*Your instructions*.
All lines with the word "close" in the material below are required.

*** Records supplied ***

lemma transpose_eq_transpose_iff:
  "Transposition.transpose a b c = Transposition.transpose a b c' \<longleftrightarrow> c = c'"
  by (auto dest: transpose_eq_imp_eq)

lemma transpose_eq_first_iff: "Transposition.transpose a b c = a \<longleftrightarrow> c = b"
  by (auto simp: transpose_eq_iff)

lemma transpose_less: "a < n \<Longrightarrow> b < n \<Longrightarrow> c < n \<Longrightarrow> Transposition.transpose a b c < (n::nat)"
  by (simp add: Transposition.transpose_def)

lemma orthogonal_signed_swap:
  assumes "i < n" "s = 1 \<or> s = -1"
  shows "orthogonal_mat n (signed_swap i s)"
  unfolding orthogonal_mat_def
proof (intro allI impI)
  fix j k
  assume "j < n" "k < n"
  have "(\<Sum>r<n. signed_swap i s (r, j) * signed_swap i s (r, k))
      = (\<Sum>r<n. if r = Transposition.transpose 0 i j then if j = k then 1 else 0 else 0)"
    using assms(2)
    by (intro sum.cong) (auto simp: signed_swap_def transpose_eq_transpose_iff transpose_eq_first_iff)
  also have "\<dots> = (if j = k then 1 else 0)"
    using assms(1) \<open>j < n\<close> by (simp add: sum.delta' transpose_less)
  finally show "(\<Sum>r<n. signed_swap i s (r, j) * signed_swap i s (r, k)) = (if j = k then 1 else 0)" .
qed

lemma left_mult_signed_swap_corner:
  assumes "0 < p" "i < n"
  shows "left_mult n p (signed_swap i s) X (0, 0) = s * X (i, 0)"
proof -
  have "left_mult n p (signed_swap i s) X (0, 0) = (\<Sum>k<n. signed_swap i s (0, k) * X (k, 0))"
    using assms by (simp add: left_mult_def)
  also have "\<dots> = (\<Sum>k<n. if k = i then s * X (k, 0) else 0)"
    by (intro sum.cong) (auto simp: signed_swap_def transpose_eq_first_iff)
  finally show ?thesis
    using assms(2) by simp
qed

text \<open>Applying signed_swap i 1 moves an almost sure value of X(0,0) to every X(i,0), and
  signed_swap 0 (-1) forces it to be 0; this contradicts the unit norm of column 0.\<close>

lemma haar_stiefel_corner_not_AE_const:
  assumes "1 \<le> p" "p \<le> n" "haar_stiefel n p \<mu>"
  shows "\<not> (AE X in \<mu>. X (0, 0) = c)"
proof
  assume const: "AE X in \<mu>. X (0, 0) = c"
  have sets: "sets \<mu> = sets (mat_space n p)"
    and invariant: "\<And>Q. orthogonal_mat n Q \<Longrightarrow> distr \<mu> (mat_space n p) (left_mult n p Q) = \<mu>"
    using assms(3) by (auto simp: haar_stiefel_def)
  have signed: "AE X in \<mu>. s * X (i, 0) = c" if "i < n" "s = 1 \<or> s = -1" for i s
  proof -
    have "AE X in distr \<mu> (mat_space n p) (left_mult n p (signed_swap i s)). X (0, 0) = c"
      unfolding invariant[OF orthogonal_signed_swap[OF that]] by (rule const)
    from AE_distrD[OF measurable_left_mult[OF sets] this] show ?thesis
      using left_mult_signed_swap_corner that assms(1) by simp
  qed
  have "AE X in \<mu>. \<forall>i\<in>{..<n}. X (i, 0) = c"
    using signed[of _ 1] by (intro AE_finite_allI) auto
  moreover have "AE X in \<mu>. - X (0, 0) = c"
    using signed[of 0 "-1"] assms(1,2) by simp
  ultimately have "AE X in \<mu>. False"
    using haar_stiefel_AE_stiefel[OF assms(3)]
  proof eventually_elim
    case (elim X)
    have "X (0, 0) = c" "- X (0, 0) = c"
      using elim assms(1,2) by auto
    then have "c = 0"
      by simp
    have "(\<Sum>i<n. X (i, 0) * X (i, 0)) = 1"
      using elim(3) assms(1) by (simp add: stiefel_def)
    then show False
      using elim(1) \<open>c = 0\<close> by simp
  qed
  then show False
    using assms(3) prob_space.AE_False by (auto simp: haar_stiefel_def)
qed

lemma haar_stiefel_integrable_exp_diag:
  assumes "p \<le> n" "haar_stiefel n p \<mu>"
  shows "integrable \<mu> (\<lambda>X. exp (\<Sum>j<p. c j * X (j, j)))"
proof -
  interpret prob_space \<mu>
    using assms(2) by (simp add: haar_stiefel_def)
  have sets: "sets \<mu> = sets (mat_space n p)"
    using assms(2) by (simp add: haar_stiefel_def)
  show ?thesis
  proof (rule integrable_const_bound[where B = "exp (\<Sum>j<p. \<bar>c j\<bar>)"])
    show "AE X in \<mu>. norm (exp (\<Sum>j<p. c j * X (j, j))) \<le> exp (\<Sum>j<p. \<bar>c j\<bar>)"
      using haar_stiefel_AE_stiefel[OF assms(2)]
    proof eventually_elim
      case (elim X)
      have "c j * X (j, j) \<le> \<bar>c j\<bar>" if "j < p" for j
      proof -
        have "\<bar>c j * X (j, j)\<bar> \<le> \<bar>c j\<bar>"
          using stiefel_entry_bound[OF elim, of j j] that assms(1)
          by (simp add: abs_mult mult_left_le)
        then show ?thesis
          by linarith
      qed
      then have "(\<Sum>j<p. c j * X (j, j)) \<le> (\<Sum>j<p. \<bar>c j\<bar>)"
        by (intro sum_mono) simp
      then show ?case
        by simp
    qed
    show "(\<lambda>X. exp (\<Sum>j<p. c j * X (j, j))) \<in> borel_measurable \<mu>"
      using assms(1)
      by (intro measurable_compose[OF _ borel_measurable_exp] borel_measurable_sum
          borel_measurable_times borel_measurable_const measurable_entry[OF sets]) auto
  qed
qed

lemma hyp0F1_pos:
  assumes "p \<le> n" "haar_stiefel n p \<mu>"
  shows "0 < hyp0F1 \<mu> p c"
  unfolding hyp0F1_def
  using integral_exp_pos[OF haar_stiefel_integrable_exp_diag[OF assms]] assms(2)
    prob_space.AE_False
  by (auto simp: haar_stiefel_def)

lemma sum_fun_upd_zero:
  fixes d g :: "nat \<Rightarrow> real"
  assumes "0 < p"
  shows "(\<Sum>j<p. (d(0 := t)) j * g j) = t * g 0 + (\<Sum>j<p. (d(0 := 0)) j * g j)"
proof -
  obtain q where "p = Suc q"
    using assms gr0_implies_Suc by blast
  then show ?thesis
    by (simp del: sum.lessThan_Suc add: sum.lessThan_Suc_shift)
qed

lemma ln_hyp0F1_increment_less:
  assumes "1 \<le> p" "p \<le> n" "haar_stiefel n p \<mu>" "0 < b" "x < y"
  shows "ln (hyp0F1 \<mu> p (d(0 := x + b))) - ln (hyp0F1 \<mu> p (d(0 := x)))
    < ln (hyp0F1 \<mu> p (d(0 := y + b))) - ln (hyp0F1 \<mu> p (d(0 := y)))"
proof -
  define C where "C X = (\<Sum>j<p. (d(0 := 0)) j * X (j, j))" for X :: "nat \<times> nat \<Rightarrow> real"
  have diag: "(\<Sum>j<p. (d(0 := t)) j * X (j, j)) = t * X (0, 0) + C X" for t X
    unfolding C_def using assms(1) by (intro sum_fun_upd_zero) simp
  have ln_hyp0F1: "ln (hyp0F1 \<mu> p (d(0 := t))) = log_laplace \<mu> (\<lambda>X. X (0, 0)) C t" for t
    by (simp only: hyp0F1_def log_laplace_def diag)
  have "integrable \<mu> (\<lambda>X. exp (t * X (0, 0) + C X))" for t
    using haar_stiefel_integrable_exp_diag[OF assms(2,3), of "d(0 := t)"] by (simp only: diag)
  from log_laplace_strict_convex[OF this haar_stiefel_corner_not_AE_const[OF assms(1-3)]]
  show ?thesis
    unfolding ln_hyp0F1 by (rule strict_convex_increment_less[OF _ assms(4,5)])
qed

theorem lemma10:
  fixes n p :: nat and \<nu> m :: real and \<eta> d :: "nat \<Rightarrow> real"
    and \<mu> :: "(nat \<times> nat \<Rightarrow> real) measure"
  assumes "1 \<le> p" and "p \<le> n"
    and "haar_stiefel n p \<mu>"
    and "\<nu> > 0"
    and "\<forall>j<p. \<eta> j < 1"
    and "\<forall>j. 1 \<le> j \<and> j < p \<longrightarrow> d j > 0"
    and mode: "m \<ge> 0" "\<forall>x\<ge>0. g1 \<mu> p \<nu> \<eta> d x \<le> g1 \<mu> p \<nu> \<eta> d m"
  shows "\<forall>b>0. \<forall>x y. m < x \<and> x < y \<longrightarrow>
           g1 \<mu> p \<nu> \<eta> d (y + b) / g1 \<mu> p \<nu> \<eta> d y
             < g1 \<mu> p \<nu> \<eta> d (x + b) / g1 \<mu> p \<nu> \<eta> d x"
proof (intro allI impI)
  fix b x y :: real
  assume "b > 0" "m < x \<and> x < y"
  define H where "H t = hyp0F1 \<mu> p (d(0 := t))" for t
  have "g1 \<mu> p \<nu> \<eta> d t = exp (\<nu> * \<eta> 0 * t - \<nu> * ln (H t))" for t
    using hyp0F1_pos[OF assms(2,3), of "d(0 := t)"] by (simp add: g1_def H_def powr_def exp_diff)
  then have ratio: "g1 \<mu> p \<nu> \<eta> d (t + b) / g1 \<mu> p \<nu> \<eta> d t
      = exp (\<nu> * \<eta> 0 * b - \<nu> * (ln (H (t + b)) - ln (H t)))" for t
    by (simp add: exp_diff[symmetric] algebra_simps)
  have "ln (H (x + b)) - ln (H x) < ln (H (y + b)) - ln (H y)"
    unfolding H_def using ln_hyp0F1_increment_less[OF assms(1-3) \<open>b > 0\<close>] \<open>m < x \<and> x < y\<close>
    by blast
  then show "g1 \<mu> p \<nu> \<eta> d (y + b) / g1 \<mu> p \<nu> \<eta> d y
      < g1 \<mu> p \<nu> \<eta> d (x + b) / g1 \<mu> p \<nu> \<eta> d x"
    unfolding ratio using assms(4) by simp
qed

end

*** End of Records supplied ***
*** Records supplied ***

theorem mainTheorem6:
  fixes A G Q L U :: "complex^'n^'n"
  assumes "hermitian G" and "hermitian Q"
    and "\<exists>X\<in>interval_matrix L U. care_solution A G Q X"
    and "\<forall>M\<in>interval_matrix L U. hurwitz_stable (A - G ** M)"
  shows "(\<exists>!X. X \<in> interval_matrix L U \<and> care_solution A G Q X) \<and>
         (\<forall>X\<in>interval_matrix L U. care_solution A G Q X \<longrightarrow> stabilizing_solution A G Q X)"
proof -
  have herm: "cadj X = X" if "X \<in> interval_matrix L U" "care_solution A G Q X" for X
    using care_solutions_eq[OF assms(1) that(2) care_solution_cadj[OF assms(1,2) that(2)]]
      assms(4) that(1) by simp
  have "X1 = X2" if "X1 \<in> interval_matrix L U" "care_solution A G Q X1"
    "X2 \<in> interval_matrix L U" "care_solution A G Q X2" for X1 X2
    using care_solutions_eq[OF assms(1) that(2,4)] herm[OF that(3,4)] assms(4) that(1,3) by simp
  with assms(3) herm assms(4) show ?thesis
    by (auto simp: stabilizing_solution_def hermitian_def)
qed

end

*** End of Records supplied ***

*Written solution*.
    using assms(1) \<open>j < n\<close> by (simp add: sum.delta' transpose_less)
  signed_swap 0 (-1) forces it to be 0; this contradicts the unit norm of column 0.\<close>
      using elim(1) \<open>c = 0\<close> by simp
    unfolding H_def using ln_hyp0F1_increment_less[OF assms(1-3) \<open>b > 0\<close>] \<open>m < x \<and> x < y\<close>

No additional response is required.